◆ Problem to work on
Using the listing below, please gather every line containing the word "bool".

•••

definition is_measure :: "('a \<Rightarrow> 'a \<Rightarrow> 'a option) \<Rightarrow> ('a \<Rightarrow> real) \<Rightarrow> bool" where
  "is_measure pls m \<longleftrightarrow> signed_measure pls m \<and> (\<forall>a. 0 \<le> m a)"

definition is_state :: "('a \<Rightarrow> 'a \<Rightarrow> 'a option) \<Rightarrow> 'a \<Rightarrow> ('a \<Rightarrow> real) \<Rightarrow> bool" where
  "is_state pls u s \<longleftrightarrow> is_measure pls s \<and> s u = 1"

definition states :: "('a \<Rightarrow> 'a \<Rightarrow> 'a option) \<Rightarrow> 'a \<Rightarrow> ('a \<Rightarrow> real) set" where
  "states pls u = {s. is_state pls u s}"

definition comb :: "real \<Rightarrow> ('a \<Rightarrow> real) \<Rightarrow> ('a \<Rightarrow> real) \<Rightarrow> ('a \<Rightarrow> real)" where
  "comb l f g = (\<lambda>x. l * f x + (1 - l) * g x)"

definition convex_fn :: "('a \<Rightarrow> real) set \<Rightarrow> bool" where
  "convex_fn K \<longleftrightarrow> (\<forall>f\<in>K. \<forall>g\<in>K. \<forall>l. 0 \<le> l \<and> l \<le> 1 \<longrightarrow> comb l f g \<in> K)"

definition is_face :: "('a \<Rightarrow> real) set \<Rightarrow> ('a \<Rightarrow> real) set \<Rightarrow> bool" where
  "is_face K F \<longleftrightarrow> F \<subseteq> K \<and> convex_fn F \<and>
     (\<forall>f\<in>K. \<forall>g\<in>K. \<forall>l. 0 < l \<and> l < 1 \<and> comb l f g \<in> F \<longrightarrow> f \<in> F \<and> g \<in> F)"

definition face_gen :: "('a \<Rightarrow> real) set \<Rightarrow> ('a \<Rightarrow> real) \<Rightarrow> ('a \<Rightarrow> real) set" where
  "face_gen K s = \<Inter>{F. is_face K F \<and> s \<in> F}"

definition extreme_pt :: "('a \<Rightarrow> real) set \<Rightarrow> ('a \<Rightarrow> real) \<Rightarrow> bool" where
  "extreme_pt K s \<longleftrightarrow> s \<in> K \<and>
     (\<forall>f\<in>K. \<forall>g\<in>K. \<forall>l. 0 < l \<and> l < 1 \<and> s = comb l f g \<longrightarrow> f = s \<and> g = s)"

•••

◆ Response box
definition is_measure :: "('a \<Rightarrow> 'a \<Rightarrow> 'a option) \<Rightarrow> ('a \<Rightarrow> real) \<Rightarrow> bool" where
definition is_state :: "('a \<Rightarrow> 'a \<Rightarrow> 'a option) \<Rightarrow> 'a \<Rightarrow> ('a \<Rightarrow> real) \<Rightarrow> bool" where
definition convex_fn :: "('a \<Rightarrow> real) set \<Rightarrow> bool" where
definition is_face :: "('a \<Rightarrow> real) set \<Rightarrow> ('a \<Rightarrow> real) set \<Rightarrow> bool" where
definition extreme_pt :: "('a \<Rightarrow> real) set \<Rightarrow> ('a \<Rightarrow> real) \<Rightarrow> bool" where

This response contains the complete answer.